Sur les traces de la « famille américaine » de Paul Henri DEBRION (1883-1917)

Deux incroyables lettres figurent dans les trésors mis en ligne par Xavier DEBRION.

La première lettre est écrite en français. En voici le contenu.

Decembre 11 1919
Chère Madame de Brion
Il y a longtemps que je vous aurais écrit pour vous dire que j’ai reçu votre lettre avec la photographie de vos enfants, Marguerite et Paul, et le diplôme d’honneur me montrant que j’ai adopté une petite fille bien appliquée. Elle aussi, m’a écrit très gentiment et bientôt je lui écrirais.
Je n’étais pas sûre que vous puissiez comprendre mon français, aussi j’espère que vous puissiez trouver un interprète pour mon anglais.
Mon fils, le lieutenant Kerr Atkinson, se joint à moi en envoyant le présent de Nôel ci joint pour votre famille et nous tâchons autant que cela nous est possible de vous assister dans le maintient des enfants d’un brave français.
Soyez assurée chère madame, que nous considérons ceci comme un privilège.
J’ai acheté (pas très bien) quelques pécadilles pour Marguerite et Paul et j’espère qu’elles leur arriveront à temps pour la Noêl,
Mon fils était en France, il y a un an, mais me revient sain et sauf.
Dîtes à Marguerite que j’ai bien apprécié ses lettres et que je lui envoie mes remerciements.
Employez ceci (ci-joint) pour vous mêmes et pour les enfants et veuillez
accepter nos voeux et vous souhaite les plus affectueux.
Je vous suis bien cordialement à vous
Mrs Elizabeth Kerr Atkinson »

Enveloppe du courrier postée en 1919 à la famille DEBRION. L’adresse de l’expéditeur indique 502 W 113St New-York

Une lettre plus courte rédigée en anglais et signée par le Lieutenant Kerr accompagne cette première lettre.
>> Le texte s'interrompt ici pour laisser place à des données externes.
lemma spd_imp_spsd_minv:
  assumes "spd n R"
  shows "spsd n (minv R)"
proof -
  have R: "R \<in> carrier_mat n n" and R_sym: "transpose_mat R = R"
    and R_pos: "\<And>x. x \<in> carrier_vec n \<Longrightarrow> x \<noteq> 0\<^sub>v n \<Longrightarrow> 0 < x \<bullet> (R *\<^sub>v x)"
    using assms unfolding spd_def by auto
  have "det R \<noteq> 0"
  proof
    assume "det R = 0"
    then obtain w where "w \<in> carrier_vec n" "w \<noteq> 0\<^sub>v n" "R *\<^sub>v w = 0\<^sub>v n"
      using det_0_iff_vec_prod_zero_field[OF R] by blast
    with R_pos[of w] show False by simp
  qed
  then have "R \<in> Units (ring_mat TYPE(real) n ())" by (rule det_non_zero_imp_unit[OF R])
  then obtain B where "mat_inverse R = Some B"
    using mat_inverse(1)[OF R] by fastforce
  then have B: "B \<in> carrier_mat n n" and RB: "R * B = 1\<^sub>m n" and minv_R: "minv R = B"
    using mat_inverse(2)[OF R] unfolding minv_def by auto
  have "transpose_mat B * R = 1\<^sub>m n"
    using transpose_mult[OF R B] RB R_sym by simp
  then have "transpose_mat B = B"
    using B R RB by (metis assoc_mult_mat left_mult_one_mat right_mult_one_mat transpose_carrier_mat)
  moreover have "0 \<le> x \<bullet> (B *\<^sub>v x)" if x: "x \<in> carrier_vec n" for x
  proof -
    define y where "y = B *\<^sub>v x"
    have y: "y \<in> carrier_vec n" unfolding y_def using B x by simp
    have "R *\<^sub>v y = x" unfolding y_def using R B x RB by (simp flip: assoc_mult_mat_vec)
    then have "x \<bullet> (B *\<^sub>v x) = y \<bullet> (R *\<^sub>v y)"
      unfolding y_def[symmetric] using R y by (metis comm_scalar_prod mult_mat_vec_carrier)
    then show ?thesis using R_pos[OF y] R y by (cases "y = 0\<^sub>v n") auto
  qed
  ultimately show ?thesis unfolding spsd_def minv_R using B by blast
qed

lemma wnorm2_add_smult:
  assumes W: "W \<in> carrier_mat n n" and x: "x \<in> carrier_vec n" and y: "y \<in> carrier_vec n"
  shows "wnorm2 W (x + e \<cdot>\<^sub>v y)
    = wnorm2 W x + e * (x \<bullet> (W *\<^sub>v y) + y \<bullet> (W *\<^sub>v x)) + e\<^sup>2 * wnorm2 W y"
proof -
  have "W *\<^sub>v (x + e \<cdot>\<^sub>v y) = W *\<^sub>v x + e \<cdot>\<^sub>v (W *\<^sub>v y)"
    using W x y by (simp add: mult_add_distrib_mat_vec mult_mat_vec)
  then show ?thesis
    unfolding wnorm2_def using W x y
    by (simp add: add_scalar_prod_distrib[of _ n] scalar_prod_add_distrib[of _ n]
        power2_eq_square algebra_simps)
qed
Peut-on retrouver une trace de ce Lieutenant Kerr et de sa mère
Elizabeth Kerr Atkinson? C’est bien possible! Le 2 novembre 2017, William C. Atkinson, dit Bill Atkinson, âgé de 92 ans, a publié un article sur la vie de son père Francis Kerr Atkinson (1890-1976), qui est… et oui, le Lieutenant Kerr des lettres à la veuve de Henri DEBRION!
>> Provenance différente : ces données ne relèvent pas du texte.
definition switch :: "nat set \<Rightarrow> (nat \<Rightarrow> nat \<Rightarrow> real) \<Rightarrow> (nat \<Rightarrow> nat \<Rightarrow> real) \<Rightarrow> nat \<Rightarrow> nat \<Rightarrow> real"
  where "switch M t s = (\<lambda>i. if i \<in> M then t i else s i)"

lemma switch_profile:
  assumes "consumption_profile n k R s" "consumption_profile n k R t"
  shows "consumption_profile n k R (switch M t s)"
  using assms unfolding consumption_profile_def switch_def by auto

lemma improvers_closed:
  assumes nash: "nash_eq n k f R w s" "nash_eq n k f R w t"
    and imp: "i \<in> improvers n k f R w s t" and l: "l \<in> {1..n}" and ti: "t i l > 0"
    and i': "i' \<in> {1..k}" and si': "s i' l > 0"
  shows "i' \<in> improvers n k f R w s t"
proof -
  have i: "i \<in> {1..k}" using imp unfolding improvers_def by auto
  have prof: "consumption_profile n k R s" "consumption_profile n k R t"
    using nash unfolding nash_eq_def by auto
  have "type_cost n k f R w t i' \<le> cost k f R w t l"
    using type_cost_le_cost[OF nash(2) i' profile_support_available[OF prof(1) i' l si']] .
  also have "\<dots> = type_cost n k f R w t i" using type_cost_eq_cost[OF nash(2) i l ti] by simp
  also have "\<dots> < type_cost n k f R w s i" using imp unfolding improvers_def by auto
  also have "\<dots> \<le> cost k f R w s l"
    using type_cost_le_cost[OF nash(1) i profile_support_available[OF prof(2) i l ti]] .
  also have "\<dots> = type_cost n k f R w s i'" using type_cost_eq_cost[OF nash(1) i' l si'] by simp
  finally show ?thesis using i' unfolding improvers_def by auto
qed

lemma switch_load_le:
  assumes game: "rs_game n k f R w"
    and nash: "nash_eq n k f R w s" "nash_eq n k f R w t"
    and imp: "i \<in> improvers n k f R w s t" and l: "l \<in> {1..n}" and ti: "t i l > 0"
  shows "load k R w (switch (improvers n k f R w s t) t s) l \<le> load k R w t l"
  unfolding load_def
proof (rule sum_mono)
  let ?M = "improvers n k f R w s t"
  have prof: "consumption_profile n k R s" "consumption_profile n k R t"
    using nash unfolding nash_eq_def by auto
  fix i' assume "i' \<in> {i \<in> {1..k}. l \<in> R i}"
  then have i': "i' \<in> {1..k}" "l \<in> R i'" by auto
  show "w i' l (switch ?M t s i' l) \<le> w i' l (t i' l)"
  proof (cases "i' \<in> ?M")
    case True
    then show ?thesis unfolding switch_def by simp
  next
    case False
    then have "s i' l = 0"
      using improvers_closed[OF nash imp l ti i'(1)] profile_entry_bounds[OF prof(1) i'(1) l]
      by force
    moreover have "w i' l 0 \<le> w i' l (t i' l)"
      by (rule strict_mono_on_leD[OF weight_strict_mono[OF game i']])
        (use profile_entry_bounds[OF prof(2) i'(1) l] in auto)
    ultimately show ?thesis using False unfolding switch_def by simp
  qed
qed

lemma switch_profitable:
  assumes game: "rs_game n k f R w"
    and nash: "nash_eq n k f R w s" "nash_eq n k f R w t"
    and i: "i \<in> {1..k}" and l: "l \<in> {1..n}"
    and gt: "switch (improvers n k f R w s t) t s i l > s i l"
  shows "cost k f R w (switch (improvers n k f R w s t) t s) l < type_cost n k f R w s i"
proof -
  let ?M = "improvers n k f R w s t"
  have prof: "consumption_profile n k R s" "consumption_profile n k R t"
    using nash unfolding nash_eq_def by auto
  have imp: "i \<in> ?M" using gt unfolding switch_def by (auto split: if_splits)
  have ti: "t i l > 0" using gt imp profile_entry_bounds[OF prof(1) i l] unfolding switch_def by auto
  have "cost k f R w (switch ?M t s) l \<le> cost k f R w t l"
    by (rule cost_mono_load[OF game switch_profile[OF prof] prof(2) l switch_load_le[OF game nash imp l ti]])
  also have "\<dots> = type_cost n k f R w t i" using type_cost_eq_cost[OF nash(2) i l ti] by simp
  also have "\<dots> < type_cost n k f R w s i" using imp unfolding improvers_def by auto
  finally show ?thesis .
qed

lemma cheaper_resource_has_improver:
  assumes game: "rs_game n k f R w"
    and nash: "nash_eq n k f R w s" "nash_eq n k f R w t"
    and j: "j \<in> {1..n}" and cheaper: "cost k f R w t j < cost k f R w s j"
  obtains i where "i \<in> improvers n k f R w s t" "t i j < s i j"
proof -
  have prof: "consumption_profile n k R s" "consumption_profile n k R t"
    using nash unfolding nash_eq_def by auto
  have load_lt: "load k R w t j < load k R w s j"
    by (meson cheaper cost_mono_load[OF game prof j] leD leI)
  obtain i where i: "i \<in> {1..k}" "j \<in> R i" and wlt: "w i j (t i j) < w i j (s i j)"
  proof (rule ccontr)
    assume "\<not> thesis"
    then have "\<forall>i\<in>{i \<in> {1..k}. j \<in> R i}. w i j (s i j) \<le> w i j (t i j)"
      using that by force
    then have "load k R w s j \<le> load k R w t j" unfolding load_def by (intro sum_mono) auto
    then show False using load_lt by simp
  qed
  have lt: "t i j < s i j"
  proof (rule ccontr)
    assume not_lt: "\<not> ?thesis"
    have "w i j (s i j) \<le> w i j (t i j)"
      by (rule strict_mono_on_leD[OF weight_strict_mono[OF game i]])
        (use not_lt profile_entry_bounds[OF prof(1) i(1) j] profile_entry_bounds[OF prof(2) i(1) j] in auto)
    then show False using wlt by simp
  qed
  then have si: "s i j > 0" using profile_entry_bounds[OF prof(2) i(1) j] by auto
  have "type_cost n k f R w t i \<le> cost k f R w t j" using type_cost_le_cost[OF nash(2) i] .
  also have "\<dots> < cost k f R w s j" by (rule cheaper)
  also have "\<dots> = type_cost n k f R w s i" using type_cost_eq_cost[OF nash(1) i(1) j si] by simp
  finally have "i \<in> improvers n k f R w s t" using i unfolding improvers_def by auto
  with lt show ?thesis using that by blast
qed

lemma strong_nash_not_undercut:
  assumes game: "rs_game n k f R w" and strong: "strong_nash_eq n k f R w s"
    and nash_t: "nash_eq n k f R w t" and j: "j \<in> {1..n}"
  shows "cost k f R w s j \<le> cost k f R w t j"
proof (rule ccontr)
  assume "\<not> ?thesis"
  then have cheaper: "cost k f R w t j < cost k f R w s j" by simp
  have nash: "nash_eq n k f R w s" "nash_eq n k f R w t"
    using strong nash_t unfolding strong_nash_eq_def by auto
  have prof: "consumption_profile n k R s" "consumption_profile n k R t"
    using nash unfolding nash_eq_def by auto
  let ?u = "switch (improvers n k f R w s t) t s"
  obtain i where imp: "i \<in> improvers n k f R w s t" and lt: "t i j < s i j"
    using cheaper_resource_has_improver[OF game nash j cheaper] .
  have "i \<in> {1..k}" using imp unfolding improvers_def by auto
  moreover have "?u i j \<noteq> s i j" using imp lt unfolding switch_def by simp
  ultimately have changed: "\<exists>i\<in>{1..k}. \<exists>j\<in>{1..n}. ?u i j \<noteq> s i j" using j by blast
  have profitable:
    "\<forall>i\<in>{1..k}. \<forall>l\<in>{1..n}. ?u i l > s i l \<longrightarrow> cost k f R w ?u l < type_cost n k f R w s i"
    by (intro ballI impI switch_profitable[OF game nash])
  have "consumption_profile n k R ?u \<and> (\<exists>i\<in>{1..k}. \<exists>j\<in>{1..n}. ?u i j \<noteq> s i j) \<and>
      (\<forall>i\<in>{1..k}. \<forall>l\<in>{1..n}. ?u i l > s i l \<longrightarrow> cost k f R w ?u l < type_cost n k f R w s i)"
    using switch_profile[OF prof] changed profitable by (intro conjI)
  then show False using strong unfolding strong_nash_eq_def by blast
qed

theorem mainTheorem6:
  fixes n k :: nat and f :: "nat \<Rightarrow> real \<Rightarrow> real" and R :: "nat \<Rightarrow> nat set"
    and w :: "nat \<Rightarrow> nat \<Rightarrow> real \<Rightarrow> real" and s s' :: "nat \<Rightarrow> nat \<Rightarrow> real"
  assumes "rs_game n k f R w"
    and "strong_nash_eq n k f R w s"
    and "strong_nash_eq n k f R w s'"
  shows "\<forall>j\<in>{1..n}. cost k f R w s j = cost k f R w s' j"
proof
  fix j assume j: "j \<in> {1..n}"
  have nash: "nash_eq n k f R w s" "nash_eq n k f R w s'"
    using assms unfolding strong_nash_eq_def by auto
  show "cost k f R w s j = cost k f R w s' j"
    using strong_nash_not_undercut[OF assms(1,2) nash(2) j]
      strong_nash_not_undercut[OF assms(1,3) nash(1) j] by simp
qed

end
Qui est le lieutenant KERR?
Le père de Bill Aktinson, notre blogger nonagénaire, Francis Kerr Aktinkson donc, est né en 1890, du mariage de Georges Aktinson et d’Elizabeth (Lizie) Graham Kerr, devenue après son mariage en 1887 Mrs Elisabeth Kerr Aktinson… le même nom que la signataire des lettres.  Il a une soeur Clara née en 1892. Bill mentionne sans date l’existence d’une autre soeur, Joséphine, morte pendant son enfance. Il est intriguant de retrouver ce prénom Joséphine, qui est celui de la marraine indiquée par Xavier Debrion. Encore plus intriguant qu’aucune notice biographique ne mentionne cette naissance. En fait un lourd silence plane sur Clara Aktinson précise Bill Aktinson.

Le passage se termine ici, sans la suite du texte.